Reproduce only the lines that run from the line containing "c \<le> 4 \<and>" to the end of the entries below, exactly as they stand.

[Stored data]
= = = = = = =

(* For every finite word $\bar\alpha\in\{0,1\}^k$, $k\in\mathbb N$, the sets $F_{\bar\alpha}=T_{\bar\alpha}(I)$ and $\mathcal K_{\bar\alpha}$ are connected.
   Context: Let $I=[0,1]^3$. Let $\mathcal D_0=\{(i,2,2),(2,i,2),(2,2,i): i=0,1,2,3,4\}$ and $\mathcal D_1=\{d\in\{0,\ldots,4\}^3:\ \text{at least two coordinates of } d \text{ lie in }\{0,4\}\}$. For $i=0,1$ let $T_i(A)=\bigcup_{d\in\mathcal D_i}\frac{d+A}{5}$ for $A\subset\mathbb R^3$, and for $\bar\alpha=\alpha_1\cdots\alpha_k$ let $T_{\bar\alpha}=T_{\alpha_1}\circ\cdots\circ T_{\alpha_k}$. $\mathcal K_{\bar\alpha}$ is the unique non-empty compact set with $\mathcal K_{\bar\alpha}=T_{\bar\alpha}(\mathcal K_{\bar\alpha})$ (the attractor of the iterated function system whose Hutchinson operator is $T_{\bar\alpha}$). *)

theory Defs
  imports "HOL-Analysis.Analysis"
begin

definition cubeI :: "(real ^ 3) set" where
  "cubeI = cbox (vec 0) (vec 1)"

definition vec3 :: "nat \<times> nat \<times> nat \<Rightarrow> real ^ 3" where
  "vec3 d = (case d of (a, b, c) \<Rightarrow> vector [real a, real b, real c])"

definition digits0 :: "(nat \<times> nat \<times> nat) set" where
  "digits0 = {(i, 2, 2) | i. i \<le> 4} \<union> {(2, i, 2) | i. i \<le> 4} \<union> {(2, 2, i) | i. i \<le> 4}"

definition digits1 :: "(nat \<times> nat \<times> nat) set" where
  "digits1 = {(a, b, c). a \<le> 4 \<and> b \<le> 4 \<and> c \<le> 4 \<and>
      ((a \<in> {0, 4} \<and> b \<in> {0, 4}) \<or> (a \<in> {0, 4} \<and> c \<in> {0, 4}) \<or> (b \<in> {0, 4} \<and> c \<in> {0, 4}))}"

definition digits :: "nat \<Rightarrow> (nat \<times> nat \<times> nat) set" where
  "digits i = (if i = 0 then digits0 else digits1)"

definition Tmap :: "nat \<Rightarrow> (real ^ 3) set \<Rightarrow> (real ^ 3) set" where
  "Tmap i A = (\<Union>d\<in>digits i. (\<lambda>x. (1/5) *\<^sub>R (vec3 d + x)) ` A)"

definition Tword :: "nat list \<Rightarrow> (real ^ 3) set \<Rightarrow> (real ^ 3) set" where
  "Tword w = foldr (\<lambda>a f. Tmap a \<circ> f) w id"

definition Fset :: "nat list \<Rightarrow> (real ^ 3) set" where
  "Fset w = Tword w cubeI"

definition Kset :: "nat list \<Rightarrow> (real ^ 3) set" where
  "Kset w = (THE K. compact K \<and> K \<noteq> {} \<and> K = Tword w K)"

= = = = = = =

Answer space:
  "digits1 = {(a, b, c). a \<le> 4 \<and> b \<le> 4 \<and> c \<le> 4 \<and>
      ((a \<in> {0, 4} \<and> b \<in> {0, 4}) \<or> (a \<in> {0, 4} \<and> c \<in> {0, 4}) \<or> (b \<in> {0, 4} \<and> c \<in> {0, 4}))}"

definition digits :: "nat \<Rightarrow> (nat \<times> nat \<times> nat) set" where
  "digits i = (if i = 0 then digits0 else digits1)"

definition Tmap :: "nat \<Rightarrow> (real ^ 3) set \<Rightarrow> (real ^ 3) set" where
  "Tmap i A = (\<Union>d\<in>digits i. (\<lambda>x. (1/5) *\<^sub>R (vec3 d + x)) ` A)"

definition Tword :: "nat list \<Rightarrow> (real ^ 3) set \<Rightarrow> (real ^ 3) set" where
  "Tword w = foldr (\<lambda>a f. Tmap a \<circ> f) w id"

definition Fset :: "nat list \<Rightarrow> (real ^ 3) set" where
  "Fset w = Tword w cubeI"

definition Kset :: "nat list \<Rightarrow> (real ^ 3) set" where
  "Kset w = (THE K. compact K \<and> K \<noteq> {} \<and> K = Tword w K)"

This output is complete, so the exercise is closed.